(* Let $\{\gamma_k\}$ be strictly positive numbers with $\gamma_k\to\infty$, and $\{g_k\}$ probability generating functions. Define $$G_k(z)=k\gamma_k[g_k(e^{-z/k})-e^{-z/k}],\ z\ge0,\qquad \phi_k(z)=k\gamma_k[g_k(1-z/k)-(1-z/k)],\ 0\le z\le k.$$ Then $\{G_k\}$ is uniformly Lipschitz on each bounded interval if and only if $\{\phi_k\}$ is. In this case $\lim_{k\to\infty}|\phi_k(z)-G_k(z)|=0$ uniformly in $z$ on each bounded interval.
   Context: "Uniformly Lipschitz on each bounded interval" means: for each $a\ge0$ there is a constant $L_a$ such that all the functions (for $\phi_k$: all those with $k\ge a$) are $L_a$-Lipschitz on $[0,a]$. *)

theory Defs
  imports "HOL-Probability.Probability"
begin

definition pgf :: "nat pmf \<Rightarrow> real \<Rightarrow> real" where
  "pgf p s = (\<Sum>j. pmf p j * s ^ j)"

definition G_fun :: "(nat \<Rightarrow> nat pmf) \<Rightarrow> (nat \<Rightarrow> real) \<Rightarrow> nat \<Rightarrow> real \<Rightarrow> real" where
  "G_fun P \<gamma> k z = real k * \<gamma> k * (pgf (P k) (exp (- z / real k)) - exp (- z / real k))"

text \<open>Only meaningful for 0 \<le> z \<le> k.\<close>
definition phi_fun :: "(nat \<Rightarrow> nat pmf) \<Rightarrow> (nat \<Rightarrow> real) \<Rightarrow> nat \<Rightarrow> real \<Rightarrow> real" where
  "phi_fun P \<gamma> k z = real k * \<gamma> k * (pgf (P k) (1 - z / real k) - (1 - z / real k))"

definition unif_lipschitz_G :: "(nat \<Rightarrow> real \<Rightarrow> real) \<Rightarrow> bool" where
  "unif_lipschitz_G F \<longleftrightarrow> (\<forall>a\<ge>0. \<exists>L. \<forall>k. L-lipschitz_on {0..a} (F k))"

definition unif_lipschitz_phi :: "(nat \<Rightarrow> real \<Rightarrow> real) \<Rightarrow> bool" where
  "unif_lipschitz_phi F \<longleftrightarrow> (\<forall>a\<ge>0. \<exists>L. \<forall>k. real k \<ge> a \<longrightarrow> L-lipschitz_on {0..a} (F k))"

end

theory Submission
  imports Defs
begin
...
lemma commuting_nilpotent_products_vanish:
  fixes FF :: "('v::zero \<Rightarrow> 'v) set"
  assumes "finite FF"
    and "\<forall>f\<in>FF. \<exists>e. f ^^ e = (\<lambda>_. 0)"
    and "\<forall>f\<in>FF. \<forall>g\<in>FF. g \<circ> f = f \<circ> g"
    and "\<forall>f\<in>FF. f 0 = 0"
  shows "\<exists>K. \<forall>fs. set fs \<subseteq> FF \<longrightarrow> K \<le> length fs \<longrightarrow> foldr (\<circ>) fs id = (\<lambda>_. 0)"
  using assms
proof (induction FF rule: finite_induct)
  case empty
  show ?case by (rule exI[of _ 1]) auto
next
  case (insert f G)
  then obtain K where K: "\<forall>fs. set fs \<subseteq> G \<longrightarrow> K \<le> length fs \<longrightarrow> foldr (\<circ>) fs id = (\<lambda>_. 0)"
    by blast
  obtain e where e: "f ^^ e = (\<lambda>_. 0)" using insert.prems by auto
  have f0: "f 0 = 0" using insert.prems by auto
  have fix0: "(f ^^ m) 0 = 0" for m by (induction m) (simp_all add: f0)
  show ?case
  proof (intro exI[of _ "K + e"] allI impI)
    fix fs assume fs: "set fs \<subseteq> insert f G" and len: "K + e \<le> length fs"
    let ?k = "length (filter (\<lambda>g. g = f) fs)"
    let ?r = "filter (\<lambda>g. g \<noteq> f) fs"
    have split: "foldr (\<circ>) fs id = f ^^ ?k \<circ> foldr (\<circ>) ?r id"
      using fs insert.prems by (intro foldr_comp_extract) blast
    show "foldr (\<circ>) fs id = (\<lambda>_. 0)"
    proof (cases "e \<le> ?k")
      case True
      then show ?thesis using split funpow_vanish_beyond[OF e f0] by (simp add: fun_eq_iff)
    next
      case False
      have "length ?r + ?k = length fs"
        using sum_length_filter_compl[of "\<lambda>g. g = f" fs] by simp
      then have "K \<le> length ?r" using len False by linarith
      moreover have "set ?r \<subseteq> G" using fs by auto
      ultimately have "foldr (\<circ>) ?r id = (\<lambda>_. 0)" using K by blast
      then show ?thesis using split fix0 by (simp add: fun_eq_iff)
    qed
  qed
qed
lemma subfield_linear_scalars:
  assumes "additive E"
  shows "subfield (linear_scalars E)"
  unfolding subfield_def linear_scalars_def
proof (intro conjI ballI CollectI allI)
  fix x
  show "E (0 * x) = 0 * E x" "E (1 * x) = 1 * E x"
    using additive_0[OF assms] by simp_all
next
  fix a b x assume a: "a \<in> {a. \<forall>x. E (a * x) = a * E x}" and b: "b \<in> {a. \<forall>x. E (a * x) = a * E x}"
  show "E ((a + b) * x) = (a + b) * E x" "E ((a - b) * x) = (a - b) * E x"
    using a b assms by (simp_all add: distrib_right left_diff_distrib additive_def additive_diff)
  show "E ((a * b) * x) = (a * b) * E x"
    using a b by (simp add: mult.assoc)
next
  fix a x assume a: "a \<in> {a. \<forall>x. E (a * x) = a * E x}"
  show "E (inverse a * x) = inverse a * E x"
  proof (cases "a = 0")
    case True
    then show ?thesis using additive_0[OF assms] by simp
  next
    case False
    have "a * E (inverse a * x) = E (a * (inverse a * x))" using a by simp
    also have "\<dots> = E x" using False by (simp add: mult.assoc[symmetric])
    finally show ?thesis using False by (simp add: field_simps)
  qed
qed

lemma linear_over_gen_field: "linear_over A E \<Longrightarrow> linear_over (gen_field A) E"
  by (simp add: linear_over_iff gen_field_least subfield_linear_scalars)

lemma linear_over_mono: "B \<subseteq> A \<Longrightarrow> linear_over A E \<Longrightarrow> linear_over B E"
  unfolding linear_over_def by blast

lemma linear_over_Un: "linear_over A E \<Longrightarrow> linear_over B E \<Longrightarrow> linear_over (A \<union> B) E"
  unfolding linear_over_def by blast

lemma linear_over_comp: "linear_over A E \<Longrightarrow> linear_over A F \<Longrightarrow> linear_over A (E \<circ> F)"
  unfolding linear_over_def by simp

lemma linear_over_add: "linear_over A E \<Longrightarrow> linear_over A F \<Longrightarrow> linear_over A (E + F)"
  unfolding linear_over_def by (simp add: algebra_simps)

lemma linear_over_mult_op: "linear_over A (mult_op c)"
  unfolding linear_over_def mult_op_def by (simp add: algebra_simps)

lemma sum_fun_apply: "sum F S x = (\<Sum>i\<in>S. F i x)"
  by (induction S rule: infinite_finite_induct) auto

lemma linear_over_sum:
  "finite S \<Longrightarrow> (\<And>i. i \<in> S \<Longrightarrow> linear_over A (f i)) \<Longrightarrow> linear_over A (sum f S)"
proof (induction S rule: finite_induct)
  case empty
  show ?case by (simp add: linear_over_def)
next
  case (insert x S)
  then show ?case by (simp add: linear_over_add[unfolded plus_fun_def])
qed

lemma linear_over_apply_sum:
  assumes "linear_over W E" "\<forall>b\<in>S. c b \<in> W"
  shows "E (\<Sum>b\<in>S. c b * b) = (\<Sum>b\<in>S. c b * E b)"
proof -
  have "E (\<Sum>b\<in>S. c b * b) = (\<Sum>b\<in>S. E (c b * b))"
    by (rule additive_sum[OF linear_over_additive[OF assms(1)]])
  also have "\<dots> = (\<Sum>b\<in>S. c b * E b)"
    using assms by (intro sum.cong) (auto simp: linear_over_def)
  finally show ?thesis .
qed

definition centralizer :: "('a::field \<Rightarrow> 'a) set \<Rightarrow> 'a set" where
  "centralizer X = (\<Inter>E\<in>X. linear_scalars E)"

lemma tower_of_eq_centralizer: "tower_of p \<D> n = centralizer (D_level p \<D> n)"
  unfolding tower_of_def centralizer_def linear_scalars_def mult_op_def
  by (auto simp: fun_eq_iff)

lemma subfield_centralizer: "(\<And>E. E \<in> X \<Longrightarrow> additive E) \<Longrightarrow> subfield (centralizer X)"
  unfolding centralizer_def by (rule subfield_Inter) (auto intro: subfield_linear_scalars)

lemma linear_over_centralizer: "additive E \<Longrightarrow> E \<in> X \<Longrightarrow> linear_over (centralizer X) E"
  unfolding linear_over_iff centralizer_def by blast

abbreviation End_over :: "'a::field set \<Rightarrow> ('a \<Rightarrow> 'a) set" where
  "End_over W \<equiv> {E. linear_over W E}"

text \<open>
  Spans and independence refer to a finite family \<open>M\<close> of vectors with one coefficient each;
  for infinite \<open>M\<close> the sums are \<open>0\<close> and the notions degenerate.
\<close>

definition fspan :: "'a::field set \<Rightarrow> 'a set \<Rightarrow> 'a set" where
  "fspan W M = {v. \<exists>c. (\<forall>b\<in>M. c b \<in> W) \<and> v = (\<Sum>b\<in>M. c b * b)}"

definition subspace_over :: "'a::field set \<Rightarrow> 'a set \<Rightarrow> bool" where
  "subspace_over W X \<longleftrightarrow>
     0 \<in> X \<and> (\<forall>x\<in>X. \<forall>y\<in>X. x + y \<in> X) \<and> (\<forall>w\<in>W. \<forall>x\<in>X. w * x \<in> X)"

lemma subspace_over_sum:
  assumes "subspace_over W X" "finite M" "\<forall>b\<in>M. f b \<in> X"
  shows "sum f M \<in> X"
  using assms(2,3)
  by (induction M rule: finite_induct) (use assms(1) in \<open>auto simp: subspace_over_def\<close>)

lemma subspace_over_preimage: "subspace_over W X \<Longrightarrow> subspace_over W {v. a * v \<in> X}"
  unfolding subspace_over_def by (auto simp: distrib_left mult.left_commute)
* * *
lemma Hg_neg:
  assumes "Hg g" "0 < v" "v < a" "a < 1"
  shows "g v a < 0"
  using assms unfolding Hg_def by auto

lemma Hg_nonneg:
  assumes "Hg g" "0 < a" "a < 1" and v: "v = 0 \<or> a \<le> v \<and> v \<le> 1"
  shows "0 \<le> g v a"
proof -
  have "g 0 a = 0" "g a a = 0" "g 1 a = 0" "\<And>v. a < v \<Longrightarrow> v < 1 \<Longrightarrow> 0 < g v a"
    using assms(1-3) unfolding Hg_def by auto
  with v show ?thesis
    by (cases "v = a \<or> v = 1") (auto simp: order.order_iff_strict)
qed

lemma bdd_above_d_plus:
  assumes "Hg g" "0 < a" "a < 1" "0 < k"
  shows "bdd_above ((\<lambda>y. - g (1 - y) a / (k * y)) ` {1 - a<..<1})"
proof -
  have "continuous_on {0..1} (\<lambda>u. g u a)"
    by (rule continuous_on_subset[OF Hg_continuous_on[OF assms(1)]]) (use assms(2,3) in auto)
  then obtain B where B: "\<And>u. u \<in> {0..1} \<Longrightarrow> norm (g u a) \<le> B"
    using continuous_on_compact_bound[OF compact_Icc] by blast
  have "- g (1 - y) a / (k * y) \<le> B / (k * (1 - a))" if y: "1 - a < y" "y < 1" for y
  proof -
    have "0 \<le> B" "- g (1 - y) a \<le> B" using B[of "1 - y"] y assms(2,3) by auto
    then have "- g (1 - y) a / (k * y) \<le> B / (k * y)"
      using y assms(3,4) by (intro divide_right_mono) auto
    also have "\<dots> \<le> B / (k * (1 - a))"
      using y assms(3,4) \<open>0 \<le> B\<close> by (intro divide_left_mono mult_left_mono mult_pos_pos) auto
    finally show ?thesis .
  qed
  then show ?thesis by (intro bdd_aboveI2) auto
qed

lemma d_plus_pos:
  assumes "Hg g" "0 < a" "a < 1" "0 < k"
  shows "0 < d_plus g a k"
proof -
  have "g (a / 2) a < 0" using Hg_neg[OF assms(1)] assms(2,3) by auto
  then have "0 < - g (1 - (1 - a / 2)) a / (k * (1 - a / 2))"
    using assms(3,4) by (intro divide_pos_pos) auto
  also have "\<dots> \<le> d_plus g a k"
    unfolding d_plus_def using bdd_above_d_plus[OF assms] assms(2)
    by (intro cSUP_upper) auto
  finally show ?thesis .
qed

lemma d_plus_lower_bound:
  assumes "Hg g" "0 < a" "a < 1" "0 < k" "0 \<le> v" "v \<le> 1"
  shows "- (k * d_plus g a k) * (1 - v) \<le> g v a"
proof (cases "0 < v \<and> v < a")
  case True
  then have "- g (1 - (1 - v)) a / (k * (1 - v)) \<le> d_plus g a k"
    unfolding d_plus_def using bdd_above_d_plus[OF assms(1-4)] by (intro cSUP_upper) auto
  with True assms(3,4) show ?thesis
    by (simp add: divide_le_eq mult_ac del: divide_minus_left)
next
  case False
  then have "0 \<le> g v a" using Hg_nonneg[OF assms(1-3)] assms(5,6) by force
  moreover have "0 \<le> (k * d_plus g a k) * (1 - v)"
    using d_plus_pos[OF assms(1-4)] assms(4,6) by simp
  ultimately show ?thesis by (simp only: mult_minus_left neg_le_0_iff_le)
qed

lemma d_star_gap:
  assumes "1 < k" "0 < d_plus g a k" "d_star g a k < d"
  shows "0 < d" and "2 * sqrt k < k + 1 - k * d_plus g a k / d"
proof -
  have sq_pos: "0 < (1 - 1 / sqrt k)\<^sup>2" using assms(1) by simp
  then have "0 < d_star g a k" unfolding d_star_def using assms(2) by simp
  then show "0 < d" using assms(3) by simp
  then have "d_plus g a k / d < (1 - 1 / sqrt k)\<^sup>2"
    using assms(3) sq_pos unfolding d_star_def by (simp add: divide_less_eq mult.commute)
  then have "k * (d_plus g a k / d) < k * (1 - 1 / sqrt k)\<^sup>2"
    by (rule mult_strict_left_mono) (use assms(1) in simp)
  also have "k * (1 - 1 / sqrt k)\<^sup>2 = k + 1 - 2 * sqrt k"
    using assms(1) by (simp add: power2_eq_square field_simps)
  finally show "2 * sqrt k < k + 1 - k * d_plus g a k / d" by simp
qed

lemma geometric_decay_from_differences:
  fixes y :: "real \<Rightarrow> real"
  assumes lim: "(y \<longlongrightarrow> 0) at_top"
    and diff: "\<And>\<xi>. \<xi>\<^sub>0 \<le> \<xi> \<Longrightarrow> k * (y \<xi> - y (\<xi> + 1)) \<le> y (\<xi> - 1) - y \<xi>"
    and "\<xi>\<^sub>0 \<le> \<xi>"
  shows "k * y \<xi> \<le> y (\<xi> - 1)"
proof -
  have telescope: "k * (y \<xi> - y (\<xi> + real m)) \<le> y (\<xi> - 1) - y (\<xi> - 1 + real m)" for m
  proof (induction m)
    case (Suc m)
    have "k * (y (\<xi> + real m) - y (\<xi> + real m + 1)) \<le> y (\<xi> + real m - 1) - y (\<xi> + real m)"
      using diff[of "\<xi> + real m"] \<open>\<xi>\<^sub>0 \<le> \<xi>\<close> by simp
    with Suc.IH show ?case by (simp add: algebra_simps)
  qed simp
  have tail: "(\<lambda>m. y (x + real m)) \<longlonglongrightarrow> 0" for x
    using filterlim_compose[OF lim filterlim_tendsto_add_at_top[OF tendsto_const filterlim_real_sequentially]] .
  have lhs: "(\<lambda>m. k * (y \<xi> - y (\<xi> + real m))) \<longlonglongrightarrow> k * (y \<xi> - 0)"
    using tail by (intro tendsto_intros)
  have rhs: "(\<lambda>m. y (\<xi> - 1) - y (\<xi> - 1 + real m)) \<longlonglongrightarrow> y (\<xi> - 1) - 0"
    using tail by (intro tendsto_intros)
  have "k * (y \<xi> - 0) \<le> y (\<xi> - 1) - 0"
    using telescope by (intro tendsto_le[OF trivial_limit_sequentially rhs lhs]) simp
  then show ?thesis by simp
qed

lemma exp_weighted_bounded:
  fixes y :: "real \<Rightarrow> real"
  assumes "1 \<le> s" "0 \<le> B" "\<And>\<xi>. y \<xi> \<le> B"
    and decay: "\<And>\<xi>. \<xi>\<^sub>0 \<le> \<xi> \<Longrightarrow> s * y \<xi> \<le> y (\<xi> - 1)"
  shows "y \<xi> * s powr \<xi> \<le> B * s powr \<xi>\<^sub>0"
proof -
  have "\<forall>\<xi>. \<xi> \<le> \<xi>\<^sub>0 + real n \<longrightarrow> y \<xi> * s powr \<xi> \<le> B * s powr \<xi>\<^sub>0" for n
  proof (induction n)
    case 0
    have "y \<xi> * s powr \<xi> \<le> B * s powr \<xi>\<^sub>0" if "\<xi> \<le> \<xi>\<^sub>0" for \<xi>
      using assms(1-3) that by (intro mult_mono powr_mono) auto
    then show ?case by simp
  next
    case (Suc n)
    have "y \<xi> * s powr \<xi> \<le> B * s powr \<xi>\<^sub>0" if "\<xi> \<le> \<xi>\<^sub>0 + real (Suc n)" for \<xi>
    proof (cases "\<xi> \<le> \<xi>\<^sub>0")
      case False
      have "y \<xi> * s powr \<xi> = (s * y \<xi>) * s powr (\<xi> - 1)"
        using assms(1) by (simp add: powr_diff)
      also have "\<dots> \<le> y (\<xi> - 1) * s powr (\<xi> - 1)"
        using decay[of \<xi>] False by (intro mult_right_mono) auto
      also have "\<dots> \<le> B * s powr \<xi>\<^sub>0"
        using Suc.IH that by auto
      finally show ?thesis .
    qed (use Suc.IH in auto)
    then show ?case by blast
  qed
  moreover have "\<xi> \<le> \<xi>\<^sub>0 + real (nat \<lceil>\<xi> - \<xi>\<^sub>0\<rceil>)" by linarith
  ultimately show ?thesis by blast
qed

Directions for this task => Print again the lines of the entries above that fall between the line holding "unfolding linear_over_def mult_op_def" and the line holding "S \<Longrightarrow> (\<And>i.", inclusive, exactly as they stand.

Task result =>
  unfolding linear_over_def mult_op_def by (simp add: algebra_simps)

lemma sum_fun_apply: "sum F S x = (\<Sum>i\<in>S. F i x)"
  by (induction S rule: infinite_finite_induct) auto

lemma linear_over_sum:
  "finite S \<Longrightarrow> (\<And>i. i \<in> S \<Longrightarrow> linear_over A (f i)) \<Longrightarrow> linear_over A (sum f S)"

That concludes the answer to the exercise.